In describing the reasoning behind their resignations, Range and Hamilton both said they felt the UA was not an effective way to generate change on campus.
“I felt as if the UA was holding me back,” said Range. “The culture isn’t conducive to change.”
He added that many of the projects the group takes on “don’t come to fruition.”
Hamilton agreed with Range’s assessment, but went on to criticize UA members’ motivations, calling them a “group of people with a high sense of superiority.”
“People try to join the UA on the idea that they have access to the administration,” he explained, but he has found that he can have that access without being a member. “It wastes a lot of time.”
He added that UA meetings are unproductive — “it’s really just one club of people that get together and argue over minutiae” — particularly citing last semester’s internal UA elections, which lasted several days.
“I could write a proposal and present it for the UA, but logically, that doesn’t really do anything,” Hamilton said. “I didn’t want to waste my Sunday nights.”
While College junior and UA chairman Alec Webley acknowledged Range’s and Hamilton’s concerns that “you can’t make radical, sort of overwhelming change very quickly,” he said he “respectfully” disagrees.
“I firmly believe that there is nothing at Penn that the UA cannot do,” he said.
Ultimately, Webley attributed the resignations to a change in interests.
“What they really wanted to do at Penn wasn’t the UA,” he said. “They’ll both be dearly missed, and I can say absolutely … they both expressed a lot of satisfaction with the direction in which the body was going.”

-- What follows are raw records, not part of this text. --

definition fa_mult :: "'i FA \<Rightarrow> 'i FA \<Rightarrow> 'i FA" where
  "fa_mult x y = (\<Sum>u\<in>Poly_Mapping.keys x. \<Sum>w\<in>Poly_Mapping.keys y.
       Poly_Mapping.single (u @ w) (Poly_Mapping.lookup x u * Poly_Mapping.lookup y w))"

definition fa_one :: "'i FA" where "fa_one = Poly_Mapping.single [] 1"

definition fa_scal :: "K \<Rightarrow> 'i FA \<Rightarrow> 'i FA" where
  "fa_scal c x = (\<Sum>u\<in>Poly_Mapping.keys x. Poly_Mapping.single u (c * Poly_Mapping.lookup x u))"

definition gen :: "'i \<Rightarrow> int \<Rightarrow> 'i FA" where
  "gen i p = Poly_Mapping.single [(i, p)] 1"

definition fa_pow :: "'i FA \<Rightarrow> nat \<Rightarrow> 'i FA" where
  "fa_pow x n = (fa_mult x ^^ n) fa_one"

definition divpow :: "('i \<Rightarrow> nat) \<Rightarrow> 'i \<Rightarrow> 'i FA \<Rightarrow> nat \<Rightarrow> 'i FA" where
  "divpow d i x n = fa_scal (inverse (qfact d i n)) (fa_pow x n)"

definition wimg :: "('i \<times> int \<Rightarrow> 'i FA) \<Rightarrow> ('i \<times> int) list \<Rightarrow> 'i FA" where
  "wimg g w = foldr (\<lambda>a acc. fa_mult (g a) acc) w fa_one"

definition hom_ext :: "('i \<times> int \<Rightarrow> 'i FA) \<Rightarrow> 'i FA \<Rightarrow> 'i FA" where
  "hom_ext g x = (\<Sum>w\<in>Poly_Mapping.keys x. fa_scal (Poly_Mapping.lookup x w) (wimg g w))"

definition antihom_ext :: "('i \<times> int \<Rightarrow> 'i FA) \<Rightarrow> 'i FA \<Rightarrow> 'i FA" where
  "antihom_ext g x = (\<Sum>w\<in>Poly_Mapping.keys x. fa_scal (Poly_Mapping.lookup x w) (wimg g (rev w)))"

definition bos_rels :: "('i \<Rightarrow> 'i \<Rightarrow> int) \<Rightarrow> ('i \<Rightarrow> nat) \<Rightarrow> 'i FA set" where
  "bos_rels C d =
     {(\<Sum>r\<in>{0..nat (1 - C i j)}. fa_scal ((-1) ^ r)
          (fa_mult (divpow d i (gen i p) r)
             (fa_mult (gen j p) (divpow d i (gen i p) (nat (1 - C i j) - r)))))
       | i j p. i \<noteq> j}
   \<union> {fa_mult (gen i m) (gen j p)
        - fa_scal (qpow d i ((-1) ^ nat (p - m + 1) * C i j)) (fa_mult (gen j p) (gen i m))
       | i j m p. p > m + 1}
   \<union> {fa_mult (gen i p) (gen j (p + 1))
        - fa_scal (qpow d i (C i j)) (fa_mult (gen j (p + 1)) (gen i p))
        - (if i = j then fa_scal (1 - qi d i ^ 2) fa_one else 0)
       | i j p. True}"

inductive_set fa_ideal :: "'i FA set \<Rightarrow> 'i FA set" for R where
  gen_in: "r \<in> R \<Longrightarrow> r \<in> fa_ideal R"
| zero_in: "0 \<in> fa_ideal R"
| add_in: "x \<in> fa_ideal R \<Longrightarrow> y \<in> fa_ideal R \<Longrightarrow> x + y \<in> fa_ideal R"
| mult_in: "x \<in> fa_ideal R \<Longrightarrow> fa_mult a (fa_mult x b) \<in> fa_ideal R"

text \<open>Equality in the bosonic extension A-hat = free algebra / ideal.\<close>
definition bos_eq :: "('i \<Rightarrow> 'i \<Rightarrow> int) \<Rightarrow> ('i \<Rightarrow> nat) \<Rightarrow> 'i FA \<Rightarrow> 'i FA \<Rightarrow> bool" where
  "bos_eq C d x y \<longleftrightarrow> x - y \<in> fa_ideal (bos_rels C d)"

definition Dmap :: "'i FA \<Rightarrow> 'i FA" where
  "Dmap = hom_ext (\<lambda>(j, p). gen j (p + 1))"

definition starmap :: "'i FA \<Rightarrow> 'i FA" where
  "starmap = antihom_ext (\<lambda>(j, p). gen j (- p))"

definition sigmamap :: "('i \<Rightarrow> 'i) \<Rightarrow> 'i FA \<Rightarrow> 'i FA" where
  "sigmamap \<sigma> = hom_ext (\<lambda>(j, p). gen (\<sigma> j) p)"

definition barmap :: "'i FA \<Rightarrow> 'i FA" where
  "barmap x = (\<Sum>w\<in>Poly_Mapping.keys x. fa_scal (barK (Poly_Mapping.lookup x w)) (wimg (\<lambda>(j, p). gen j p) (rev w)))"

definition Tgen :: "('i \<Rightarrow> 'i \<Rightarrow> int) \<Rightarrow> ('i \<Rightarrow> nat) \<Rightarrow> 'i \<Rightarrow> 'i \<times> int \<Rightarrow> 'i FA" where
  "Tgen C d i = (\<lambda>(j, p).
     if C i j \<ge> 0 then gen j (p + (if i = j then 1 else 0))
     else fa_scal (kappa d i powi C i j)
       (\<Sum>r\<in>{0..nat (- C i j)}. fa_scal ((-1) ^ r * qi d i ^ r)
          (fa_mult (divpow d i (gen i p) (nat (- C i j) - r))
             (fa_mult (gen j p) (divpow d i (gen i p) r)))))"

definition Tinvgen :: "('i \<Rightarrow> 'i \<Rightarrow> int) \<Rightarrow> ('i \<Rightarrow> nat) \<Rightarrow> 'i \<Rightarrow> 'i \<times> int \<Rightarrow> 'i FA" where
  "Tinvgen C d i = (\<lambda>(j, p).
     if C i j \<ge> 0 then gen j (p - (if i = j then 1 else 0))
     else fa_scal (kappa d i powi C i j)
       (\<Sum>r\<in>{0..nat (- C i j)}. fa_scal ((-1) ^ r * qi d i ^ r)
          (fa_mult (divpow d i (gen i p) r)
             (fa_mult (gen j p) (divpow d i (gen i p) (nat (- C i j) - r))))))"

definition Tmap :: "('i \<Rightarrow> 'i \<Rightarrow> int) \<Rightarrow> ('i \<Rightarrow> nat) \<Rightarrow> 'i \<Rightarrow> 'i FA \<Rightarrow> 'i FA" where
  "Tmap C d i = hom_ext (Tgen C d i)"

definition Tinvmap :: "('i \<Rightarrow> 'i \<Rightarrow> int) \<Rightarrow> ('i \<Rightarrow> nat) \<Rightarrow> 'i \<Rightarrow> 'i FA \<Rightarrow> 'i FA" where
  "Tinvmap C d i = hom_ext (Tinvgen C d i)"

end

theory Submission
  imports Defs
begin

Range and Hamilton, who are also roommates, elected to resign together to take on more activist-like roles on campus, fighting specifically for increased enrollment of low-income and minority students through Project Butterfly, a grassroots effort to mobilize students established by Range.
Range also wants to decrease the accessibility of alcohol through this movement, though Hamilton said this was not his priority.
Although Chen and Moorer both expressed excitement about filling the newly vacated positions, Moorer — better known as “DJ Rico” — acknowledged that “there’s only so much you can do in the UA.”
“I don’t have any illusions that I’m going to completely restructure Penn,” he said. Still, “there’s a lot of little things I can do on the UA that I wouldn’t be able to do were I not [in the body].”
Chen, a former associate (or non-voting) UA member, said he looks forward to representing the ideas of other associate members.
And Webley said the body is pleased with the additions.
“We’re all very pleased that the UA will now have its own DJ,” he said.